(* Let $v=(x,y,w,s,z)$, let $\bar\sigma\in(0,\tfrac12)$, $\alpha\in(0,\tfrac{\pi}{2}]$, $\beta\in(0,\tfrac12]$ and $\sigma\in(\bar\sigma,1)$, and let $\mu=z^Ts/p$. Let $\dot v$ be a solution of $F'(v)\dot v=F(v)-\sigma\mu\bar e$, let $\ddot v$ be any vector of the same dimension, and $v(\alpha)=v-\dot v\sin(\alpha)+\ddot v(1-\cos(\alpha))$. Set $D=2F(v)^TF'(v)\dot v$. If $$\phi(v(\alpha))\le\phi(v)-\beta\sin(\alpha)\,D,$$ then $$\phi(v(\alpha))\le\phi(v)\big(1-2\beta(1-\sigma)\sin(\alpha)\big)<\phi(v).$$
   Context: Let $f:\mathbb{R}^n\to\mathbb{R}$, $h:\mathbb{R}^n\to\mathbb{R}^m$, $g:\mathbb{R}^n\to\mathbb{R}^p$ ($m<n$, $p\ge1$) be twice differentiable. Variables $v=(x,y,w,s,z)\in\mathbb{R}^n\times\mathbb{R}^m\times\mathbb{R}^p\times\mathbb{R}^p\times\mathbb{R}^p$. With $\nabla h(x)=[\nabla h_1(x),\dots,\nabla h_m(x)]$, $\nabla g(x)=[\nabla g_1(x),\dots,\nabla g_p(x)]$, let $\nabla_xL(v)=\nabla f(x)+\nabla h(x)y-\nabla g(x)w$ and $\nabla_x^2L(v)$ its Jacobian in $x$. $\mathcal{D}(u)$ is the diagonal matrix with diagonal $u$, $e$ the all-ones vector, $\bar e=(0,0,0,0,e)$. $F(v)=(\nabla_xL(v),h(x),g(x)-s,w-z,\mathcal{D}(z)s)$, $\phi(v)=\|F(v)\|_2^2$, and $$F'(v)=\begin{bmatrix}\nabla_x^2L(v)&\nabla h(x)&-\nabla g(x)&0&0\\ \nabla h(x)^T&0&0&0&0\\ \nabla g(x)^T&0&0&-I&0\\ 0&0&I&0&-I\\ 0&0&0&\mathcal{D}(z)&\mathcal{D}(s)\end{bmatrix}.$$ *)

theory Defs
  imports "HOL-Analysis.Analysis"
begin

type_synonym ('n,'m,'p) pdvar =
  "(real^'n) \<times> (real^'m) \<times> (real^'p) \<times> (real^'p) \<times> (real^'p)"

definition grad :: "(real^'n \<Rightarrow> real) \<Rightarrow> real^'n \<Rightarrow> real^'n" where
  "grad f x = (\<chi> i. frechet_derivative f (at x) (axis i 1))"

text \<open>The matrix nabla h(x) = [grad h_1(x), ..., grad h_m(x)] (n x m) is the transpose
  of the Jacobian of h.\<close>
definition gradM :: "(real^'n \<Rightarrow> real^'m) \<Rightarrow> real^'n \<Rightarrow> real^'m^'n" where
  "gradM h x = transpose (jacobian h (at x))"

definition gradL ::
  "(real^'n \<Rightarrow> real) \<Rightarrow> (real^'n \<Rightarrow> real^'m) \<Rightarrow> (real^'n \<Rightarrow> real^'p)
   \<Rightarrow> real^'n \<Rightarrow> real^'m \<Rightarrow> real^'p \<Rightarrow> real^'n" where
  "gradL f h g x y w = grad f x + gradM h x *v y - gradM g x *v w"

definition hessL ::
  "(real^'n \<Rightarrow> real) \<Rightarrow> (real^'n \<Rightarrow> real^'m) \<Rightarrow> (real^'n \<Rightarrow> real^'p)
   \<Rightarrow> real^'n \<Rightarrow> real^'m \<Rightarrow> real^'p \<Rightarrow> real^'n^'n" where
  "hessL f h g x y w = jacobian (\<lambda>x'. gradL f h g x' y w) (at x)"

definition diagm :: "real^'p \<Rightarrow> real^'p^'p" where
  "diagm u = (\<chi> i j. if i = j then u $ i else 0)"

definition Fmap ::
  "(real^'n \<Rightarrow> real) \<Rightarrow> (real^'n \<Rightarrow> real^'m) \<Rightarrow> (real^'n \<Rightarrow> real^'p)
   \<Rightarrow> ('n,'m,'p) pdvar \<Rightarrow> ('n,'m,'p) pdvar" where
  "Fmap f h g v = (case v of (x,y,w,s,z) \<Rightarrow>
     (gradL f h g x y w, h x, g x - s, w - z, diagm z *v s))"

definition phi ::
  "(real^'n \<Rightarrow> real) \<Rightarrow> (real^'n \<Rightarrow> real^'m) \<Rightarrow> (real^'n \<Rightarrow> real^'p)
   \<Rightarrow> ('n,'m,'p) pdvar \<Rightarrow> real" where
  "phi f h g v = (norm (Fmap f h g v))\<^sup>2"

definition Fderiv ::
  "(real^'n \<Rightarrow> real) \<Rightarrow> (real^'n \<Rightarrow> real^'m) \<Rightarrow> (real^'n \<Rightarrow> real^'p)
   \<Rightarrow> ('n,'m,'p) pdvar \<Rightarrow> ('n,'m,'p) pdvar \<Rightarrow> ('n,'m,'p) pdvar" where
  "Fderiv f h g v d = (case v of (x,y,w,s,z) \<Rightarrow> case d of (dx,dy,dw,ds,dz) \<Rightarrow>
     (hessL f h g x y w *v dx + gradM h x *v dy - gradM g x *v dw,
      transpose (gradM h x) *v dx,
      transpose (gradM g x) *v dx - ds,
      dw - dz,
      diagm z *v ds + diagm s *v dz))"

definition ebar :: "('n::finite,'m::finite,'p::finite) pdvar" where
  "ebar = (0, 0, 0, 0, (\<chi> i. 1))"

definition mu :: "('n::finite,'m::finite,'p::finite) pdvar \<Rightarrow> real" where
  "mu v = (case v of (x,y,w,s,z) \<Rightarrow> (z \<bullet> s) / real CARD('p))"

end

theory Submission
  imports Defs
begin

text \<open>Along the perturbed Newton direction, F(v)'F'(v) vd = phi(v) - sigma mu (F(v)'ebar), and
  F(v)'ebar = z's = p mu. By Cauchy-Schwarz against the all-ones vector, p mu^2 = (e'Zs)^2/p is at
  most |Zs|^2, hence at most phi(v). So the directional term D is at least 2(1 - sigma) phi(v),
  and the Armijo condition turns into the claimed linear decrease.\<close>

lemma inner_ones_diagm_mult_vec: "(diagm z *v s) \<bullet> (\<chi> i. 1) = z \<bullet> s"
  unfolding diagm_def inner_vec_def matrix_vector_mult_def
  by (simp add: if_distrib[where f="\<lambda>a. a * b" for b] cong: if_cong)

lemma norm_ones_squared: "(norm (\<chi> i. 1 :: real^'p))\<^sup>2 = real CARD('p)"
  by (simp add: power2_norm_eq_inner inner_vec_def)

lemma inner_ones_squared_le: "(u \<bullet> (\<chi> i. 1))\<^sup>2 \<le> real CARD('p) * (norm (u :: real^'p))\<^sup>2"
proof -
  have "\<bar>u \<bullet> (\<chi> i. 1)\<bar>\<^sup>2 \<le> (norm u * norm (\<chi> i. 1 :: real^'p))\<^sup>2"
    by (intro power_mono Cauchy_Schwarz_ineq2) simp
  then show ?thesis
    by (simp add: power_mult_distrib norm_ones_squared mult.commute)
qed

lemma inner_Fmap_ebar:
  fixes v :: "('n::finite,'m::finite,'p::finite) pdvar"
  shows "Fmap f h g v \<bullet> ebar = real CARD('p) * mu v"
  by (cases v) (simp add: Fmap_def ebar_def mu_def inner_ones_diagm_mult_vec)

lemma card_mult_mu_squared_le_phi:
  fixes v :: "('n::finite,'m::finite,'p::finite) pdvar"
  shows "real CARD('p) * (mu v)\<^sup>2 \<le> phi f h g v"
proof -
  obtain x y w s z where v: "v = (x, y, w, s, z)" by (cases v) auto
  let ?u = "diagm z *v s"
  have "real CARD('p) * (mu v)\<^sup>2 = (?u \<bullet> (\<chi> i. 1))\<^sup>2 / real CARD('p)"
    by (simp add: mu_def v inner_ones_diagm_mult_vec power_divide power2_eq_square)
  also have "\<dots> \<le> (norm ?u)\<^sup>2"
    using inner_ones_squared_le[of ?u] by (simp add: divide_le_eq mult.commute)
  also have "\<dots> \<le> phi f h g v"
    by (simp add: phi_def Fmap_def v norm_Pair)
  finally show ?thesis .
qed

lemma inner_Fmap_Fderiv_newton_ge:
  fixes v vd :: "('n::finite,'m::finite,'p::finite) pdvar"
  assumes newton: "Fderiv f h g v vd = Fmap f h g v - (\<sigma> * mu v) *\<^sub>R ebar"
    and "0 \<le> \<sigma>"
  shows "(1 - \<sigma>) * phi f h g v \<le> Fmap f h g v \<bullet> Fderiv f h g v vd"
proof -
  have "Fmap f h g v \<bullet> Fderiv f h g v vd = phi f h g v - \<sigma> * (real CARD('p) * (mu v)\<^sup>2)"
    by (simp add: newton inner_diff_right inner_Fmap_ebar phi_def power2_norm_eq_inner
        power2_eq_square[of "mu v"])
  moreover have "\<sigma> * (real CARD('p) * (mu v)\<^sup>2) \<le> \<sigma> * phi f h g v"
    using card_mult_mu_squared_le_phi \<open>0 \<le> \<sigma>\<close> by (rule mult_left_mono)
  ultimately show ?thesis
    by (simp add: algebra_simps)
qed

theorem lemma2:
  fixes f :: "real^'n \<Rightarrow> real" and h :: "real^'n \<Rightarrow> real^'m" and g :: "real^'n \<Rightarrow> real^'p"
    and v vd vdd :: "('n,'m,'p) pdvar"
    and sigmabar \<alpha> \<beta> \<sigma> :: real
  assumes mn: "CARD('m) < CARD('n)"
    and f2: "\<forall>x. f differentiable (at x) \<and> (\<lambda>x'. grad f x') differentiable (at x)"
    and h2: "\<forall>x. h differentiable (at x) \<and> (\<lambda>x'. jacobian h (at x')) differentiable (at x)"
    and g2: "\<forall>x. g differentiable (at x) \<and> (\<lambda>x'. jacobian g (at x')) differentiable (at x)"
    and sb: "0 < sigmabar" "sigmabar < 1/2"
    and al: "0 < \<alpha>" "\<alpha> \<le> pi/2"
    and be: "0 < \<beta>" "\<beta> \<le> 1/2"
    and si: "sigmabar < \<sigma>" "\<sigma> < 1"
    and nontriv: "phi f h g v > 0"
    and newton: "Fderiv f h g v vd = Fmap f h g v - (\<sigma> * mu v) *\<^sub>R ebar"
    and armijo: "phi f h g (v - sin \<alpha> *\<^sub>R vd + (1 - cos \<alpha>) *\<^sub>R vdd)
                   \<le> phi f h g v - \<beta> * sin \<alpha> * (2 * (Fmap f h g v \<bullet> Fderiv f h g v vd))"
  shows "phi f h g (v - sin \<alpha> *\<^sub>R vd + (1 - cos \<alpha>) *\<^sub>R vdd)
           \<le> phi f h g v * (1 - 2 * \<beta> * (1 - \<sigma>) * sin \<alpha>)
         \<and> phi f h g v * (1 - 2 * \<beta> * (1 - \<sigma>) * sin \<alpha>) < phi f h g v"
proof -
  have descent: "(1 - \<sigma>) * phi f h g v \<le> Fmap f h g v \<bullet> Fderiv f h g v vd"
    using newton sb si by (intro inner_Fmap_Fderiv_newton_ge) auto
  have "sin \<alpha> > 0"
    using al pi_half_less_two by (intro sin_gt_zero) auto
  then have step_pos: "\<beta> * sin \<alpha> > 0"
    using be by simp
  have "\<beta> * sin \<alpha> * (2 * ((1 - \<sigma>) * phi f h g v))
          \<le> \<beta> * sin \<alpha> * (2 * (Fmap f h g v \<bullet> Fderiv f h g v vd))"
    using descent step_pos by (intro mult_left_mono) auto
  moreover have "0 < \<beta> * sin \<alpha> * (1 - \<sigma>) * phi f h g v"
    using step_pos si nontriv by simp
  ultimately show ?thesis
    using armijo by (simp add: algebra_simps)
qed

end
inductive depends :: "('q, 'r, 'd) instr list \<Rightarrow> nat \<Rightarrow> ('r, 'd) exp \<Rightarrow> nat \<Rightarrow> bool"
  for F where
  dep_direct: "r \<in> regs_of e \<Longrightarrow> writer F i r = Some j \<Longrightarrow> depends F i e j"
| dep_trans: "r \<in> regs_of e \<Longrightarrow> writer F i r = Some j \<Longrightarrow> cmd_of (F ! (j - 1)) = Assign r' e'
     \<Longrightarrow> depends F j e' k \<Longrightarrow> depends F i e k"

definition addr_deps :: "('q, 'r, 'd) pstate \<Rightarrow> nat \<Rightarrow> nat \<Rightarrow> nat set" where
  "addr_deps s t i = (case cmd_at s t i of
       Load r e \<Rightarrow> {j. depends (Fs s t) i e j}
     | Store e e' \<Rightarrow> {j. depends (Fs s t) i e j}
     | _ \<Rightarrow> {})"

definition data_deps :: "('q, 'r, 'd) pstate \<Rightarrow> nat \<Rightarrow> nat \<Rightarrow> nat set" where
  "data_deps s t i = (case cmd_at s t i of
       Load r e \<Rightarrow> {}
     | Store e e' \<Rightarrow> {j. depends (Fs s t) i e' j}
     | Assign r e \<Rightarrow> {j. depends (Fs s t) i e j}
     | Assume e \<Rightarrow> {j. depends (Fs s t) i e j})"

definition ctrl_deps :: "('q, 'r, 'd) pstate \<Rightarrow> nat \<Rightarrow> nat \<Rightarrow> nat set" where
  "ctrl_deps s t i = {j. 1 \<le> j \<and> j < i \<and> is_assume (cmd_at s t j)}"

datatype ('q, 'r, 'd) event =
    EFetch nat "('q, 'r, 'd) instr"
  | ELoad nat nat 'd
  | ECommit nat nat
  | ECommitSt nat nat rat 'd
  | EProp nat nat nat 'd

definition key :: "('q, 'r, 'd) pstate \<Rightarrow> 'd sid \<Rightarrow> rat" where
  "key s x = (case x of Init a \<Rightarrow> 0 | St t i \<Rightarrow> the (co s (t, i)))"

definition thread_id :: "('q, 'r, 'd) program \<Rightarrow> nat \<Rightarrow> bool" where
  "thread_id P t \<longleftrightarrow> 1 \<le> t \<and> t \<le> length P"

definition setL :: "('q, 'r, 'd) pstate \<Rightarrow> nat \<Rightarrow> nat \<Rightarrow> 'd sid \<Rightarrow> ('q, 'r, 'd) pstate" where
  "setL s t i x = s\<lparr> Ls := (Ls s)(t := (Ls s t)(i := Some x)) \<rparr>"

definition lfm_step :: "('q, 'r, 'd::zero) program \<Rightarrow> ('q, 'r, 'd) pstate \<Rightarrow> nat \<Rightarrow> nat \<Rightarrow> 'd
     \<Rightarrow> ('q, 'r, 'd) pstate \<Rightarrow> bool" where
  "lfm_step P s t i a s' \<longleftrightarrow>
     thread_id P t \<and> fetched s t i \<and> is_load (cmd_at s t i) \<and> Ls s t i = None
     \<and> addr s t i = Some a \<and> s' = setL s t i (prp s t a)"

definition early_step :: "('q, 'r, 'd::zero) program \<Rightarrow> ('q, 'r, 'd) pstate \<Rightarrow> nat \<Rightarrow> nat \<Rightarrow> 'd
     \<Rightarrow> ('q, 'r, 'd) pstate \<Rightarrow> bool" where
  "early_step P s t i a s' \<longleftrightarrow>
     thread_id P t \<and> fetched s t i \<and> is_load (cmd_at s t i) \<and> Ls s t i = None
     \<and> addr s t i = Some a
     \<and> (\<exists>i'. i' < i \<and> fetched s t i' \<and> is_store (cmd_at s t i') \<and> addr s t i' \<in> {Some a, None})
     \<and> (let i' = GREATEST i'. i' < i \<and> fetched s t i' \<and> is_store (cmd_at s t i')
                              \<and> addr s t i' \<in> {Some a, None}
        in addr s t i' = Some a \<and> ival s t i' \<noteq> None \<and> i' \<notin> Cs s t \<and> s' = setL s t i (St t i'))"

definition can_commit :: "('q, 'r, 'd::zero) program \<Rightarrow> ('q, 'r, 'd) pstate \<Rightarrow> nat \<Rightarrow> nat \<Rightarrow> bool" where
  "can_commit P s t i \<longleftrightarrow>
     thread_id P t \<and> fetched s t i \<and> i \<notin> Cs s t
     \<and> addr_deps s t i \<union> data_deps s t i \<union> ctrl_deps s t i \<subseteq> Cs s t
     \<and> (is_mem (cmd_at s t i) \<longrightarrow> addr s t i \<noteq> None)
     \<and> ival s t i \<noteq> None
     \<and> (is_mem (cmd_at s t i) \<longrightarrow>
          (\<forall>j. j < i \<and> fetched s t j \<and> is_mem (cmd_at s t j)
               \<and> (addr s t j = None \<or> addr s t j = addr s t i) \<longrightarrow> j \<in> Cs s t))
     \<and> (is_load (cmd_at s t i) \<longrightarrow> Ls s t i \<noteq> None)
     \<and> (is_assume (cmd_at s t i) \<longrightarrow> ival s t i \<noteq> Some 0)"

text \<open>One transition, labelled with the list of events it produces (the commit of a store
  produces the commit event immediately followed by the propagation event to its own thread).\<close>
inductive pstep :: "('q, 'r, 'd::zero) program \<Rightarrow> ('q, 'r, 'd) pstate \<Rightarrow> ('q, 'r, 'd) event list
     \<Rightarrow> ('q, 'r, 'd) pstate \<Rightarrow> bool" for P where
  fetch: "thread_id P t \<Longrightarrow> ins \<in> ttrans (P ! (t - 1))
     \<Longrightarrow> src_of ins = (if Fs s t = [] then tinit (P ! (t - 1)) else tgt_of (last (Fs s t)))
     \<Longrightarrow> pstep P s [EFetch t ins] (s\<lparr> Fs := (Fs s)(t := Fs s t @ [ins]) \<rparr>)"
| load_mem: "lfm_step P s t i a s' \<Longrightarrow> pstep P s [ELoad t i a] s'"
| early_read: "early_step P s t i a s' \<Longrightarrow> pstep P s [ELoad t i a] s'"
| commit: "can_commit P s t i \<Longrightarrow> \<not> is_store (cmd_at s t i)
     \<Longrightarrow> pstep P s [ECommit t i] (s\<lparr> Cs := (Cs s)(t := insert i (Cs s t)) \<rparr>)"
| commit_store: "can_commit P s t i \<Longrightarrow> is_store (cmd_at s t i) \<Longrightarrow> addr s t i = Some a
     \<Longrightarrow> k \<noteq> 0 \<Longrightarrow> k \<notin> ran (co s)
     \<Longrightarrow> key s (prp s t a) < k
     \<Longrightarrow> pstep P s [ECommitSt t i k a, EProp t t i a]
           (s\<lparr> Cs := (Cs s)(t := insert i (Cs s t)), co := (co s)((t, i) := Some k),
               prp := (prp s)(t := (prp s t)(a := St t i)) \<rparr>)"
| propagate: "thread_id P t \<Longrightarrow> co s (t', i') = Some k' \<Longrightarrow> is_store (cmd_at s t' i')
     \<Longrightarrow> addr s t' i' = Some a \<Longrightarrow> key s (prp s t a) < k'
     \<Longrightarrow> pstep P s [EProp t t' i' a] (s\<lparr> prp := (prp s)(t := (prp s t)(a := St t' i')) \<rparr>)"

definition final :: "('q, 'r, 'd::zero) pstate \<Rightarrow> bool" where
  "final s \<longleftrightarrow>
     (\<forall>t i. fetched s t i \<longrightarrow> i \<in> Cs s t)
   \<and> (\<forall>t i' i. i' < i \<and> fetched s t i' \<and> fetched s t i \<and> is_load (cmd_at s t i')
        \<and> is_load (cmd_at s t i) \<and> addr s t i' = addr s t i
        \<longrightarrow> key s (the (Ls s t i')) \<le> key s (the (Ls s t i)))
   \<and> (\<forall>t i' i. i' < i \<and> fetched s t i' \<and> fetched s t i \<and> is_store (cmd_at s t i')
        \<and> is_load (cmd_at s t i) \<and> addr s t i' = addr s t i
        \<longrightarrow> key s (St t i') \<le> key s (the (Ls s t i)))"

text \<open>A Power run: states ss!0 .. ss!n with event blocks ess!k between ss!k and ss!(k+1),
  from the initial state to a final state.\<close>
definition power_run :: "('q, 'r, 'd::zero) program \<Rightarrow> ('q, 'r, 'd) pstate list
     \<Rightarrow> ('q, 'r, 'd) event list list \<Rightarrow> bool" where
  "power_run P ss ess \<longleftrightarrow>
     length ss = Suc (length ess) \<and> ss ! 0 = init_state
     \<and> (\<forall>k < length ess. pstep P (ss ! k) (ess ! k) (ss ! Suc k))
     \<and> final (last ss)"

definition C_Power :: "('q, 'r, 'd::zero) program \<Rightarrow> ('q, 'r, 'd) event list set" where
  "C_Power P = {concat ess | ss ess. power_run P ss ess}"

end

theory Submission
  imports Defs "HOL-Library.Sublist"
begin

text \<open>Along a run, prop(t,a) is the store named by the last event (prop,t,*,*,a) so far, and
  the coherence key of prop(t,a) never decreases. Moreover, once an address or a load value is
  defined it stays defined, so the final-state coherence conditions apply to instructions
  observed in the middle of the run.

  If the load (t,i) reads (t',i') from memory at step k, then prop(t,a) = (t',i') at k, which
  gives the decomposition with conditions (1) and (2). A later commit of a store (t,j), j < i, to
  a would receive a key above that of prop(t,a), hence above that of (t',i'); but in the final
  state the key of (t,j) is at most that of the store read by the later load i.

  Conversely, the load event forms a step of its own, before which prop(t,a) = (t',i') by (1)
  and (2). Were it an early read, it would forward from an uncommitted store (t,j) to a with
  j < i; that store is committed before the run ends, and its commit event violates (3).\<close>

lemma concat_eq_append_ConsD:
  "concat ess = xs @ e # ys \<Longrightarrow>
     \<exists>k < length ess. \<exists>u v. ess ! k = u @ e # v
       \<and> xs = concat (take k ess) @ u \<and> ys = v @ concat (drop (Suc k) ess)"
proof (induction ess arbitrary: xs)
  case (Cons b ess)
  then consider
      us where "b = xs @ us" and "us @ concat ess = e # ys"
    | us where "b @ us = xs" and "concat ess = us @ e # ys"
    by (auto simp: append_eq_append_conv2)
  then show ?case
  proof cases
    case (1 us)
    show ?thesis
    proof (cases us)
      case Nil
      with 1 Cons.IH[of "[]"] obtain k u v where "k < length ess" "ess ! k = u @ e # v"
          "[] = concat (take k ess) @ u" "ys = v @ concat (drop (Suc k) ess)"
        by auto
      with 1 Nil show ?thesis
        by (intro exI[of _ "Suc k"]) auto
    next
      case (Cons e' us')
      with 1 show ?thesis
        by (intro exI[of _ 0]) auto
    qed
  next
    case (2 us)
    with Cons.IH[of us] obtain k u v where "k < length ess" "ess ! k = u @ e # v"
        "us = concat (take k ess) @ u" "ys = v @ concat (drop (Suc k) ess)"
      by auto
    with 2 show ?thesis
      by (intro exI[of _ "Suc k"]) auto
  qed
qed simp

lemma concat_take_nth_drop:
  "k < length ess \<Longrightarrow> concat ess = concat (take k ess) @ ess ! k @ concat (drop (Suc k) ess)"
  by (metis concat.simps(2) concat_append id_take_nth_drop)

• [About this exercise]: Which lines in the records above contain the word "auto"? Copy each one.

• [The answer]:
  obtain x y w s z where v: "v = (x, y, w, s, z)" by (cases v) auto
    using newton sb si by (intro inner_Fmap_Fderiv_newton_ge) auto
    using al pi_half_less_two by (intro sin_gt_zero) auto
    using descent step_pos by (intro mult_left_mono) auto
    by (auto simp: append_eq_append_conv2)
        by auto
        by (intro exI[of _ "Suc k"]) auto
        by (intro exI[of _ 0]) auto
      by auto
      by (intro exI[of _ "Suc k"]) auto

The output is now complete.